El diario, por decirle de alguna forma, pretendía contar cómo se fue metiendo de a poco, dándose a conocer y ganando la confianza de varias personas clave del gremio, pero en realidad, la mayor parte del cuaderno no es más que una sarta de eventos aparentemente inconexos. Más parece un manual para una bohemia pobre y posmoderna: lugares donde parar, cómo hacer que te levanten, inventarios de drogas y con quienes conseguirlas, experimientos sexuales diversos, borracheras demoledoras, travestismo, fugas… todo lo cual ya conocía pero que el inlgés igual anotaba con aparente rigor.

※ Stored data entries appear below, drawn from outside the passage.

lemma blk_sym: "blk d a b \<Longrightarrow> blk d b a"
  unfolding blk_def by blast

lemma blk_trans: "d \<in> diagrams n \<Longrightarrow> blk d a b \<Longrightarrow> blk d b c \<Longrightarrow> blk d a c"
  unfolding blk_def using diagram_block_unique by metis

lemma blk_singleton: "d \<in> diagrams n \<Longrightarrow> {b} \<in> d \<Longrightarrow> blk d a b \<Longrightarrow> a = b"
  unfolding blk_def using diagram_block_unique by blast

lemma blk_iff_Mset: "blk d a b \<longleftrightarrow> Mset {a, b} d"
  unfolding blk_def Mset_def by blast

lemma Mset_blk: "Mset Y d \<Longrightarrow> a \<in> Y \<Longrightarrow> b \<in> Y \<Longrightarrow> blk d a b"
  unfolding Mset_def blk_def by blast

lemma Mset_antimono: "Mset Y d \<Longrightarrow> Z \<subseteq> Y \<Longrightarrow> Mset Z d"
  unfolding Mset_def by blast

lemma Mset_insert_insert_iff:
  assumes "d \<in> diagrams n" "Mset (insert a Y) d"
  shows "Mset (insert a (insert b Y)) d \<longleftrightarrow> blk d a b"
proof
  assume "blk d a b"
  then obtain C where C: "C \<in> d" "a \<in> C" "b \<in> C" unfolding blk_def by blast
  obtain B where B: "B \<in> d" "insert a Y \<subseteq> B" using assms(2) unfolding Mset_def by blast
  have "B = C" using diagram_block_unique[OF assms(1) B(1) C(1)] B(2) C(2) by blast
  then show "Mset (insert a (insert b Y)) d" using B C unfolding Mset_def by blast
qed (simp add: Mset_blk)

lemma Jset_insert_iff:
  "Jset (insert y Z) d \<longleftrightarrow> Jset Z d \<or> {y} \<in> d \<or> (\<exists>z\<in>Z. z \<noteq> y \<and> blk d y z)"
  unfolding Jset_def by (auto dest: blk_sym)

lemma blk_unique_if_not_Jset:
  assumes "d \<in> diagrams n" "\<not> Jset Z d" "y \<in> Z" "z \<in> Z" "blk d a y" "blk d a z"
  shows "y = z"
  using assms blk_trans[OF assms(1) blk_sym] unfolding Jset_def by blast

lemma sum_blk_if_not_Jset:
  assumes "finite Z" "d \<in> diagrams n" "\<not> Jset Z d"
  shows "(\<Sum>y\<in>Z. if blk d a y then c else 0) = (if \<exists>y\<in>Z. blk d a y then c else 0)"
proof (cases "\<exists>y\<in>Z. blk d a y")
  case True
  then obtain y where y: "y \<in> Z" "blk d a y" by blast
  have "blk d a z \<longleftrightarrow> z = y" if "z \<in> Z" for z
    using blk_unique_if_not_Jset[OF assms(2,3) that y(1) _ y(2)] y(2) by blast
  then have "(\<Sum>z\<in>Z. if blk d a z then c else 0) = (\<Sum>z\<in>Z. if z = y then c else 0)"
    by (intro sum.cong) auto
  then show ?thesis using assms(1) y True by simp
qed simp

lemma finite_diagrams: "finite (diagrams n)"
proof -
  have "finite (nodes n)"
    by (rule finite_subset[of _ "{- int n..int n}"]) (auto simp: nodes_def)
  moreover have "diagrams n \<subseteq> Pow (Pow (nodes n))"
    by (auto simp: diagrams_def partition_on_def)
  ultimately show ?thesis by (meson finite_Pow_iff finite_subset)
qed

En todo el primer año, solo ocasionalmente escribió sobre narices o payasos, hasta que en fecha de veinticuatro de agosto, anota sobre un payaso moribundo, víctima de un mal que se come la cabeza, quien delirando con una fiebre altísima, no dejaba de repetir un balbuceo incoherente en la que cada cierta cantidad de palabras repetía la palabra nariz y del cual Spencer anota: “nariz, la nariz, es la nariz, la tiene él, la nariz”.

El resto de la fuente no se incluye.